The anti-abortion-rights activists and elected officials favoring the policies argue they can’t achieve their goal of eliminating all abortion without deterring travel across state lines, and say they are responding to progressive advocates who are raising money to help people terminate a pregnancy in another state.
“You have a very aggressive industry working on helping people circumvent pro-life laws,” said Kristi Hamrick with Students for Life of America, which has chapters lobbying for restrictions in all 50 states. “So the conversation in Missouri and other locations is in direct response to that.”
These new policies, while perhaps difficult to enforce, create a chilling effect, said Andrew Beck, a senior staff attorney with the ACLU Reproductive Freedom Project.
“It encourages people to spy on and rat out their neighbors and friends and family members,” he said.
The conservative effort has also led legislators in Democrat-controlled states to draft countermeasures aimed at protecting in-state physicians who provide abortions and those who help people cross state lines. These measures also provide legal protections to the pregnant person, though Coleman’s proposal doesn’t allow the patient to be sued.

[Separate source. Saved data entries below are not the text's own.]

lemma powr_inverse_one_plus_square_le:
  fixes u k :: real
  assumes "0 \<le> u" "0 \<le> k"
  shows "(1 / (1 + u\<^sup>2)) powr k \<le> max u 1 powr (-2 * k)"
proof -
  have pos: "0 < max u 1" "0 < 1 + u\<^sup>2"
    by (auto intro: add_pos_nonneg)
  have "(max u 1)\<^sup>2 \<le> 1 + u\<^sup>2"
    by (cases "u \<le> 1") (auto simp: max_def)
  then have "1 / (1 + u\<^sup>2) \<le> 1 / (max u 1)\<^sup>2"
    using pos by (intro divide_left_mono) simp_all
  then have "(1 / (1 + u\<^sup>2)) powr k \<le> (1 / (max u 1)\<^sup>2) powr k"
    using assms pos by (intro powr_mono2) simp_all
  also have "1 / (max u 1)\<^sup>2 = max u 1 powr (-2)"
    using pos by (simp add: powr_minus powr_realpow divide_inverse)
  finally show ?thesis
    by (simp add: powr_powr)
qed

lemma powr_neg_le_twice_diff:
  fixes M R n :: real
  assumes "1 \<le> M" "2 * M \<le> R" "1 \<le> n"
  shows "M powr (-n) \<le> 2 * (M powr (-n) - R powr (-n))"
proof -
  have "R powr (-n) \<le> (2 * M) powr (-n)"
    using assms by (intro powr_mono2') auto
  also have "\<dots> = 2 powr (-n) * M powr (-n)"
    by (rule powr_mult)
  also have "\<dots> \<le> 2 powr (-1) * M powr (-n)"
    using assms by (intro mult_right_mono powr_mono) auto
  finally show ?thesis
    by (simp add: powr_minus)
qed

definition interaction_base :: "'a::euclidean_space \<Rightarrow> real \<Rightarrow> 'a \<Rightarrow> real \<Rightarrow> real" where
  "interaction_base zi li zj lj = li / lj + lj / li + li * lj * (norm (zi - zj))\<^sup>2"

lemma interaction_base_ge_2:
  assumes "0 < li" "0 < lj"
  shows "2 \<le> interaction_base zi li zj lj"
proof -
  have "2 * li * lj \<le> li\<^sup>2 + lj\<^sup>2"
    using sum_squares_ge_zero[of "li - lj" 0] by (simp add: power2_eq_square algebra_simps)
  then have "2 \<le> li / lj + lj / li"
    using assms by (simp add: field_simps power2_eq_square)
  moreover have "0 \<le> li * lj * (norm (zi - zj))\<^sup>2"
    using assms by simp
  ultimately show ?thesis
    unfolding interaction_base_def by linarith
qed

lemma interaction_base_commute: "interaction_base zj lj zi li = interaction_base zi li zj lj"
  unfolding interaction_base_def by (simp add: norm_minus_commute ac_simps)

text \<open>
  Two bubbles with \<open>\<lambda>\<^sub>i = li \<le> lj = \<lambda>\<^sub>j\<close>; \<open>eps\<close> is \<open>q\<^sub>i\<^sub>j\<^bsup>2/(n-2)\<^esup>\<close> when \<open>n\<close> is the dimension.
  \<open>near_layer r\<close> and \<open>far_layer\<close> are the ball superpositions of the kernels
  \<open>t\<^bsup>-n-1\<^esup>\<close> on \<open>[1, r]\<close> and \<open>t\<^bsup>-2n-1\<^esup>\<close> on \<open>[T, \<infinity>)\<close>
  (\<open>ennreal_near_layer\<close>, \<open>ennreal_far_layer\<close>).
\<close>

locale bubble_pair =
  fixes zi zj :: "'a::euclidean_space" and li lj n :: real
  assumes li_pos: "0 < li" and li_le_lj: "li \<le> lj" and n_ge_1: "1 \<le> n"
begin

definition D :: real where "D = 1 + li\<^sup>2 * (norm (zi - zj))\<^sup>2"
definition h :: real where "h = li / lj"
definition R :: real where "R = max (sqrt D / h) 2"
definition b :: real where "b = min 1 (4 / D)"
definition T :: real where "T = b powr (-1/2)"
definition eps :: real where "eps = 1 / interaction_base zi li zj lj"

definition near_layer :: "real \<Rightarrow> real \<Rightarrow> real" where
  "near_layer r u = (if u \<le> r then (max u 1 powr (-n) - r powr (-n)) / n else 0)"
definition far_layer :: "real \<Rightarrow> real" where
  "far_layer u = max u T powr (-(2 * n)) / (2 * n)"

definition near_coeff :: real where "near_coeff = 2 * n * (4 * li / D) powr (n / 2) * lj powr (n / 2)"
definition far_coeff :: real where "far_coeff = (5 * h) powr (n / 2) * li powr n"

lemma lj_pos: "0 < lj"
  using li_pos li_le_lj by simp

lemma D_ge_1: "1 \<le> D"
  unfolding D_def by simp

lemma h_pos: "0 < h" and h_le_1: "h \<le> 1"
  unfolding h_def using li_pos li_le_lj by auto

lemma b_pos: "0 < b" and b_le_1: "b \<le> 1"
  unfolding b_def using D_ge_1 by auto

lemma T_ge_1: "1 \<le> T"
proof -
  have "b powr (1/2) \<le> 1" "0 < b powr (1/2)"
    using b_pos b_le_1 by (auto intro: powr_le1)
  then show ?thesis
    unfolding T_def by (simp add: powr_minus one_le_inverse)
qed

lemma T_powr: "T powr (-n) = b powr (n / 2)"
  unfolding T_def using b_pos by (simp add: powr_powr)

lemma R_ge_2: "2 \<le> R"
  unfolding R_def by simp

lemma near_layer_nonneg:
  assumes "1 \<le> r"
  shows "0 \<le> near_layer r u"
proof -
  have "u \<le> r \<Longrightarrow> r powr (-n) \<le> max u 1 powr (-n)"
    using assms n_ge_1 by (intro powr_mono2') auto
  then show ?thesis
    unfolding near_layer_def using n_ge_1 by auto
qed

lemma far_layer_nonneg: "0 \<le> far_layer u"
  unfolding far_layer_def using n_ge_1 by simp

lemma unit_profile_product_le_layers:
  assumes "0 \<le> u"
  shows "((1 / (1 + u\<^sup>2)) * min (4 / D) (1 / (1 + u\<^sup>2))) powr (n / 2)
           \<le> n * b powr (n / 2) * near_layer T u + 2 * n * far_layer u"
proof -
  have p: "0 < 1 + u\<^sup>2"
    by (intro add_pos_nonneg) auto
  show ?thesis
  proof (cases "u \<le> T")
    case True
    have "1 / (1 + u\<^sup>2) \<le> 1"
      using p by simp
    then have "min (4 / D) (1 / (1 + u\<^sup>2)) \<le> b"
      unfolding b_def by linarith
    then have "((1 / (1 + u\<^sup>2)) * min (4 / D) (1 / (1 + u\<^sup>2))) powr (n / 2) \<le> ((1 / (1 + u\<^sup>2)) * b) powr (n / 2)"
      using p D_ge_1 n_ge_1 by (intro powr_mono2 mult_left_mono) auto
    also have "\<dots> = (1 / (1 + u\<^sup>2)) powr (n / 2) * b powr (n / 2)"
      by (rule powr_mult)
    also have "\<dots> \<le> max u 1 powr (-2 * (n / 2)) * b powr (n / 2)"
      using assms n_ge_1 by (intro mult_right_mono powr_inverse_one_plus_square_le) auto
    also have "\<dots> = n * b powr (n / 2) * near_layer T u + 2 * n * far_layer u"
    proof -
      have "T powr (-(2 * n)) = b powr (n / 2) * b powr (n / 2)"
        unfolding T_def using b_pos by (simp add: powr_powr powr_add[symmetric])
      then show ?thesis
        using True n_ge_1 T_powr by (simp add: near_layer_def far_layer_def max_absorb2 field_simps)
    qed
    finally show ?thesis .
  next
    case False
    then have u: "1 < u"
      using T_ge_1 by simp
    have "1 / (1 + u\<^sup>2) \<le> 1 / u\<^sup>2"
      using u p by (intro divide_left_mono) simp_all
    also have "1 / u\<^sup>2 = u powr (-2)"
      using u by (simp add: powr_minus powr_realpow divide_inverse)
    finally have le: "1 / (1 + u\<^sup>2) \<le> u powr (-2)" .
    then have "min (4 / D) (1 / (1 + u\<^sup>2)) \<le> u powr (-2)"
      by linarith
    then have "((1 / (1 + u\<^sup>2)) * min (4 / D) (1 / (1 + u\<^sup>2))) powr (n / 2) \<le> (u powr (-2) * u powr (-2)) powr (n / 2)"
      using p D_ge_1 n_ge_1 le by (intro powr_mono2 mult_mono) auto
    also have "\<dots> = u powr (-(2 * n))"
      using u by (simp add: powr_add[symmetric] powr_powr)
    finally show ?thesis
      using False n_ge_1 by (simp add: near_layer_def far_layer_def max_def)
  qed
qed


lemma layer_sum_nonneg: "0 \<le> n * b powr (n / 2) * near_layer T u + 2 * n * far_layer u"
  using n_ge_1 near_layer_nonneg[OF T_ge_1] far_layer_nonneg by simp

lemma base_min_product_le_layers:
  assumes "0 \<le> r"
  shows "(bubble_base li r * min (4 * li / D) (bubble_base li r)) powr (n / 2)
           \<le> li powr n * (n * b powr (n / 2) * near_layer T (li * r) + 2 * n * far_layer (li * r))"
proof -
  let ?v = "1 / (1 + (li * r)\<^sup>2)"
  have "min (4 * li / D) (bubble_base li r) = li * min (4 / D) ?v"
    unfolding bubble_base_unit_scale using li_pos by (simp add: min_mult_distrib_left ac_simps)
  then have "(bubble_base li r * min (4 * li / D) (bubble_base li r)) powr (n / 2)
               = (li * li) powr (n / 2) * (?v * min (4 / D) ?v) powr (n / 2)"
    unfolding bubble_base_unit_scale by (simp only: mult_ac) (simp only: powr_mult mult.assoc)
  also have "(li * li) powr (n / 2) = li powr n"
    by (simp only: powr_mult powr_add[symmetric]) simp
  also have "(?v * min (4 / D) ?v) powr (n / 2) \<le> n * b powr (n / 2) * near_layer T (li * r) + 2 * n * far_layer (li * r)"
    using assms li_pos by (intro unit_profile_product_le_layers) simp
  finally show ?thesis
    using li_pos by (simp add: mult_left_mono)
qed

In California, lawmakers have proposed a suite of bills, including one, which passed out of its first committee on Tuesday, that would protect Californians from the kinds of civil lawsuits contemplated by Missouri.
“We don’t believe that any other states should have the right or ability to reach into our state and enforce a judgment or control the actions of our citizens or physicians,” said Assemblymember Rebecca Bauer-Kahan, the bill’s sponsor.
A bill in Washington state awaiting Democratic Gov. Jay Inslee’s signature aims to legally shield anyone — including out-of-state residents — who has an abortion or helps someone obtain one. And lawmakers in Oregon just approved $15 million in their budget to cover abortion fees, travel and lodging expenses for state residents and travelers alike, and expand the number of abortion providers in the state.
These moves come as many expect a wave of patients from Idaho, which this week became the first state to follow Texas’ lead in passing a ban on abortion after 6 weeks of pregnancy.
Progressive advocates also want the Biden administration to put out guidance explicitly stating that the right to interstate travel is protected by the Constitution, and they want federal health agencies to strengthen HIPAA protections so people’s medical records can’t be seized and used as evidence in a lawsuit.
Abortion-rights supporters stress, however, that even these kinds of state and federal protections would only be a partial solution should more states follow Missouri’s lead.
“Not everyone can fly to California or travel across state lines,” Beck said. “It doesn’t help a whole slew of people in Missouri who need this care: people of color, people who are undocumented, people who are young, people who live in rural areas, people with disabilities.”